Enlaces is a Chilean educational program designed to create a structural change in Chilean education in order to prepare youth, along with their parents and guardians, to participate in the emergent society of knowledge, and to create networks of communication that help integrate them with the world. Enlaces was started in 1992 by Chile's Ministry of Education.

==Test phase==

The testing phase of this program began in 12 schools in Santiago, the capital of Chile. After 3 years the program had extended to the Ninth Region, the Araucanía Region, (the part of the country with the largest indigenous population) with more than 100 schools participating in the program. When the government decided that this project was viable, it focused all of its efforts on the spread of this program to all the regions of the country.

==First phase==

From 1995-2007 (the unofficial First Phase of the Enlaces project), the government spent more than $121 million and international cooperation from organizations such as the Canadian International Development Agency (CIDA) in global education, infrastructure, computers, access to educational recourses, technical assistance, and teacher training. In 2003, in order to continue their efforts to connect the country, the Ministry of Education signed an agreement with local telecommunication companies to offer low-cost broadband connection for educational institutions. Sixty percent of the students in Chile have access to broadband internet because of this agreement. In 2007, the Enlaces Program had 3,372,943 students, and 95% of the students in the country have access to computer.

==Future plans==

In 2007, the Chilean Ministry of Education presented ExpoEnlaces 2007 where they showcased the latest innovations in Information and Communication Technology (ICT) so that people can understand the abilities of these new technologies and their uses in the classroom. That same year, the Ministry of Education published its new objectives and projects for the coming years. Didier de Saint Pierre, the executive director of Enlaces, divided the program into two phases, the first phase, which is coming to a close, focused on infrastructure in the schools and equipping them to install the necessary programs and administration. The second phase involves developing the technological infrastructure so that it has the capacity to improve the quality of learning in Chile. Once the basic technological infrastructure is in place, the Ministry will extend the technology to the remaining schools in less developed regions, and it will implement new technologies in the more advanced regions.

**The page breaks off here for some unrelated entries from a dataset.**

theorem corollary3p2:
  fixes t :: thy and pol :: "'i \<Rightarrow> bool"
  shows
   "(\<forall>A B C :: 'a rstr.
       rmodel t A \<and> rmodel t B \<and> rmodel t C \<and> rsubstr C A \<and> rsubstr C B \<and>
       carrier C = carrier A \<inter> carrier B \<longrightarrow>
       (\<exists>D :: 'a rstr. rmodel t D \<and> rsubstr A D \<and> rsubstr B D \<and>
          super_cond rel_R A B C D \<and> super_cond rel_S A B C D))
    \<and>
    (\<forall>A B C :: ('a, 'i) ostr.
       omodel t pol A \<and> omodel t pol B \<and> omodel t pol C \<and> osubstr C A \<and> osubstr C B \<and>
       carrier C = carrier A \<inter> carrier B \<longrightarrow>
       (\<exists>D :: ('a, 'i) ostr. omodel t pol D \<and> osubstr A D \<and> osubstr B D))"
proof (intro conjI allI impI)
  fix A B C :: "'a rstr"
  assume "rmodel t A \<and> rmodel t B \<and> rmodel t C \<and> rsubstr C A \<and> rsubstr C B \<and>
    carrier C = carrier A \<inter> carrier B"
  then have A: "rmodel t A" and B: "rmodel t B" and C: "carrier C = carrier A \<inter> carrier B"
    and agree: "agree_on (carrier A) (carrier B) (rel_R A) (rel_R B)"
      "agree_on (carrier A) (carrier B) (rel_S A) (rel_S B)"
    using agree_on_rsubstr by blast+
  show "\<exists>D :: 'a rstr. rmodel t D \<and> rsubstr A D \<and> rsubstr B D \<and>
      super_cond rel_R A B C D \<and> super_cond rel_S A B C D"
    using rmodel_amalgam[OF A B agree, where m = "()"] rsubstr_amalgam[OF A B agree, where m = "()"]
      super_cond_amalgam[OF A B C, where m = "()"]
    by blast
next
  fix A B C :: "('a, 'i) ostr"
  assume "omodel t pol A \<and> omodel t pol B \<and> omodel t pol C \<and> osubstr C A \<and> osubstr C B \<and>
    carrier C = carrier A \<inter> carrier B"
  then have A: "omodel t pol A" and B: "omodel t pol B"
    and agree: "agree_on (carrier A) (carrier B) (rel_R A) (rel_R B)"
      "agree_on (carrier A) (carrier B) (rel_S A) (rel_S B)"
      "\<forall>i. \<forall>x\<in>carrier A \<inter> carrier B. ops A i x = ops B i x"
    using agree_on_rsubstr ops_agree_osubstr unfolding osubstr_def by blast+
  show "\<exists>D :: ('a, 'i) ostr. omodel t pol D \<and> osubstr A D \<and> osubstr B D"
    using omodel_amalgam[OF A B agree] osubstr_amalgam[OF A B agree] by blast
qed

end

Examples of the new technologies that Enlaces will implement are electronic whiteboards for math, palm pilots or pocket PCs for physics, and projectors for teaching sciences. Other new strategies will include ICT in the classroom, where they will integrate portable technology and projectors in 3,000 classrooms, benefiting 87,000 students (3% of the total number of students). The goal is to implement this program in 16,000 classrooms by 2010.

The science program is a good example of the direction in which the Enlaces program is headed. A very important aspect of this program is teaching style. Enlaces encourages the use of the HEI (hypothesis, experimentation, instruction) method. The new science classes are being developed in a multimedia format using simulations delivered via the internet.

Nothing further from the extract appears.